As with every release of Cassandra so far, our client API has fluctuated quite a bit—something we are not necessarily proud of. A mind-shift is occurring though. Most Cassandra experts, including myself, have begun recommending that users access Cassandra through one of the available third party libraries (e.g.: Hector, Pelops, Pycassa) instead of directly via Thrift. The main benefit of this approach is that users will be immune from the sort of API changes that happen from version to version so long as client developers keep up.
There are several things worth noting about the updated API.
- The keyspace argument has been dropped from nearly every method and has been replaced by a
set_keyspace()method that sets the keyspace for the current connection session.
- Expiring (TTL) columns have been introduced. This gives you the ability to set the time-to-live for columns so that they will automatically be removed by compaction without any intervention on your behalf.
storage-conf.xml has been replaced with
cassandra.yaml. The intent is to provide a format that is more human-readable. We have provided a converter that will allow you to convert your XML configuration into YAML prior to upgrading. Also, more settings are configurable than ever before.
- We have continued the trend of exposing more operations and metrics via JMX, including compactions, sstable accesses, endpoint states (gossiper) and TCP messages.

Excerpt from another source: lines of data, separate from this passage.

(* Let $\mathfrak{G}=(Y,R,E)$ be a descriptive $\mathsf{MS4}$-frame and $Q=E\circ R$. Then (1) $E[\operatorname{qmax}Y]=E_Q[\operatorname{qmax}Y]$; (2) $\mathfrak{G}$ satisfies the global Kuroda principle iff for every $x\in\operatorname{qmax}Y$, $E_Q[x]\subseteq\operatorname{qmax}Y$ (equivalently, $E_Q[\operatorname{qmax}Y]=\operatorname{qmax}Y$).
   Context: A descriptive $\mathsf{MS4}$-frame is $(Y,R,E)$ with $Y$ a Stone space, $R$ a continuous quasi-order, $E$ a continuous equivalence relation (continuous: $R[x]=\{y:xRy\}$ closed for all $x$, $R^{-1}[U]$ clopen for clopen $U$), such that $xEy$, $yRz$ imply $\exists u$ with $xRu$, $uEz$. $x(E\circ R)y$ iff $\exists z$ with $xRz$ and $zEy$. $xE_Qy$ iff $xQy$ and $yQx$. $\operatorname{qmax}Y=\{x: xRy\Rightarrow yRx\}$. For a relation $S$ and set $A$, $S[A]=\{y:\exists a\in A,\ aSy\}$. Global Kuroda principle: for every $x\in\operatorname{qmax}Y$, $E[x]\subseteq\operatorname{qmax}Y$. *)

theory Defs
  imports "HOL-Analysis.Analysis"
begin

definition clopenin :: "'a topology \<Rightarrow> 'a set \<Rightarrow> bool" where
  "clopenin T U \<longleftrightarrow> openin T U \<and> closedin T U"

definition stone_space :: "'a topology \<Rightarrow> bool" where
  "stone_space T \<longleftrightarrow> compact_space T \<and> Hausdorff_space T \<and>
     (\<forall>U x. openin T U \<and> x \<in> U \<longrightarrow> (\<exists>C. clopenin T C \<and> x \<in> C \<and> C \<subseteq> U))"

definition continuous_rel :: "'a topology \<Rightarrow> 'a rel \<Rightarrow> bool" where
  "continuous_rel T R \<longleftrightarrow> R \<subseteq> topspace T \<times> topspace T \<and>
     (\<forall>x\<in>topspace T. closedin T (R `` {x})) \<and>
     (\<forall>U. clopenin T U \<longrightarrow> clopenin T ((R\<inverse>) `` U))"

definition quasi_order_on :: "'a set \<Rightarrow> 'a rel \<Rightarrow> bool" where
  "quasi_order_on Y R \<longleftrightarrow> refl_on Y R \<and> trans R"

definition descriptive_MS4_frame :: "'a topology \<Rightarrow> 'a rel \<Rightarrow> 'a rel \<Rightarrow> bool" where
  "descriptive_MS4_frame T R E \<longleftrightarrow>
     stone_space T \<and>
     quasi_order_on (topspace T) R \<and> continuous_rel T R \<and>
     equiv (topspace T) E \<and> continuous_rel T E \<and>
     (\<forall>x y z. (x, y) \<in> E \<and> (y, z) \<in> R \<longrightarrow> (\<exists>u. (x, u) \<in> R \<and> (u, z) \<in> E))"

text \<open>x (E o R) y iff exists z with x R z and z E y: this is relcomp R E.\<close>
definition EcR :: "'a rel \<Rightarrow> 'a rel \<Rightarrow> 'a rel" where
  "EcR E R = R O E"

definition eq_part :: "'a rel \<Rightarrow> 'a rel" where
  "eq_part Q = {(x, y). (x, y) \<in> Q \<and> (y, x) \<in> Q}"

definition qmax :: "'a set \<Rightarrow> 'a rel \<Rightarrow> 'a set" where
  "qmax Y R = {x \<in> Y. \<forall>y. (x, y) \<in> R \<longrightarrow> (y, x) \<in> R}"

definition global_Kuroda :: "'a topology \<Rightarrow> 'a rel \<Rightarrow> 'a rel \<Rightarrow> bool" where
  "global_Kuroda T R E \<longleftrightarrow>
     (\<forall>x \<in> qmax (topspace T) R. E `` {x} \<subseteq> qmax (topspace T) R)"

end

theory Submission
  imports Defs
begin

text \<open>Only the relational part of a descriptive \<open>MS4\<close>-frame matters. For \<open>x\<close> quasi-maximal,
  \<open>x E y\<close> gives \<open>x Q y\<close> via \<open>x R x\<close>, and \<open>y Q x\<close> by the commutation condition applied to \<open>y E x R x\<close>.
  Conversely, if \<open>x Q y\<close> through \<open>x R z E y\<close>, then \<open>z\<close> is again quasi-maximal, so every \<open>E\<^sub>Q\<close>-successor
  of a quasi-maximal point is an \<open>E\<close>-successor of a quasi-maximal point.\<close>

locale MS4_frame =
  fixes Y :: "'a set" and R E :: "'a rel"
  assumes quasi_order: "quasi_order_on Y R"
    and equiv: "equiv Y E"
    and commute: "(x, y) \<in> E \<Longrightarrow> (y, z) \<in> R \<Longrightarrow> \<exists>u. (x, u) \<in> R \<and> (u, z) \<in> E"
begin

lemma qmax_subset: "qmax Y R \<subseteq> Y"
  unfolding qmax_def by blast

lemma qmax_R_closed:
  assumes x: "x \<in> qmax Y R" and xz: "(x, z) \<in> R" and z: "z \<in> Y"
  shows "z \<in> qmax Y R"
proof -
  have "(v, z) \<in> R" if "(z, v) \<in> R" for v
  proof -
    have "(x, v) \<in> R"
      using quasi_order xz that unfolding quasi_order_on_def by (blast dest: transD)
    then have "(v, x) \<in> R"
      using x unfolding qmax_def by blast
    then show ?thesis
      using quasi_order xz unfolding quasi_order_on_def by (blast dest: transD)
  qed
  then show ?thesis
    using z unfolding qmax_def by blast
qed

lemma E_qmax_subset_eq_part:
  assumes x: "x \<in> qmax Y R" and xy: "(x, y) \<in> E"
  shows "(x, y) \<in> eq_part (EcR E R)"
proof -
  have xx: "(x, x) \<in> R"
    using quasi_order x qmax_subset unfolding quasi_order_on_def by (blast dest: refl_onD)
  have "(y, x) \<in> E"
    using equiv xy unfolding equiv_def by (blast dest: symD)
  then obtain u where "(y, u) \<in> R" "(u, x) \<in> E"
    using commute xx by blast
  then show ?thesis
    using xx xy unfolding eq_part_def EcR_def by blast
qed

lemma eq_part_qmax_obtain_E:
  assumes x: "x \<in> qmax Y R" and xy: "(x, y) \<in> eq_part (EcR E R)"
  obtains z where "z \<in> qmax Y R" "(z, y) \<in> E"
proof -
  obtain z where xz: "(x, z) \<in> R" and zy: "(z, y) \<in> E"
    using xy unfolding eq_part_def EcR_def by blast
  have "z \<in> Y"
    using equiv_type[OF equiv] zy by blast
  then show ?thesis
    using that qmax_R_closed[OF x xz] zy by blast
qed

lemma E_image_qmax_eq_eq_part_image: "E `` qmax Y R = eq_part (EcR E R) `` qmax Y R"
  using E_qmax_subset_eq_part eq_part_qmax_obtain_E by blast

lemma Kuroda_iff_eq_part:
  "(\<forall>x \<in> qmax Y R. E `` {x} \<subseteq> qmax Y R) \<longleftrightarrow>
   (\<forall>x \<in> qmax Y R. eq_part (EcR E R) `` {x} \<subseteq> qmax Y R)"
  using E_qmax_subset_eq_part eq_part_qmax_obtain_E by blast

lemma qmax_subset_eq_part_image: "qmax Y R \<subseteq> eq_part (EcR E R) `` qmax Y R"
  using E_qmax_subset_eq_part equiv qmax_subset unfolding equiv_def by (blast dest: refl_onD)

end

lemma descriptive_MS4_frame_imp_MS4_frame:
  "descriptive_MS4_frame T R E \<Longrightarrow> MS4_frame (topspace T) R E"
  unfolding descriptive_MS4_frame_def MS4_frame_def by blast

theorem lemma3p10:
  fixes T :: "'a topology" and R E :: "'a rel"
  assumes "descriptive_MS4_frame T R E"
  shows "E `` qmax (topspace T) R = eq_part (EcR E R) `` qmax (topspace T) R
    \<and> (global_Kuroda T R E \<longleftrightarrow>
           (\<forall>x \<in> qmax (topspace T) R. eq_part (EcR E R) `` {x} \<subseteq> qmax (topspace T) R))
    \<and> ((\<forall>x \<in> qmax (topspace T) R. eq_part (EcR E R) `` {x} \<subseteq> qmax (topspace T) R) \<longleftrightarrow>
           eq_part (EcR E R) `` qmax (topspace T) R = qmax (topspace T) R)"
proof -
  interpret MS4_frame "topspace T" R E
    using assms by (rule descriptive_MS4_frame_imp_MS4_frame)
  show ?thesis
    using E_image_qmax_eq_eq_part_image Kuroda_iff_eq_part qmax_subset_eq_part_image
    unfolding global_Kuroda_def by blast
qed

end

- The authentication framework and built-in Hadoop support have both received a lot of attention.
- Introduction of native code ( ) for snapshots and help with memory swapping.
- Enhanced CLI experience
Cassandra 0.7 offers significant advantages in terms of features and speed than in earlier releases. We’ve done our best to make the upgrade process simple: old data files are still compatible, but your cluster must be brought down entirely.
As always, if you would like to learn more about Cassandra, good places to start are the website, wiki and #cassandra on IRC (freenode). Apache also hosts several mailing lists that are excellent resources. Additionally, NEWS.txt is a good place to go to find out more about some of the high-level changes in Cassandra.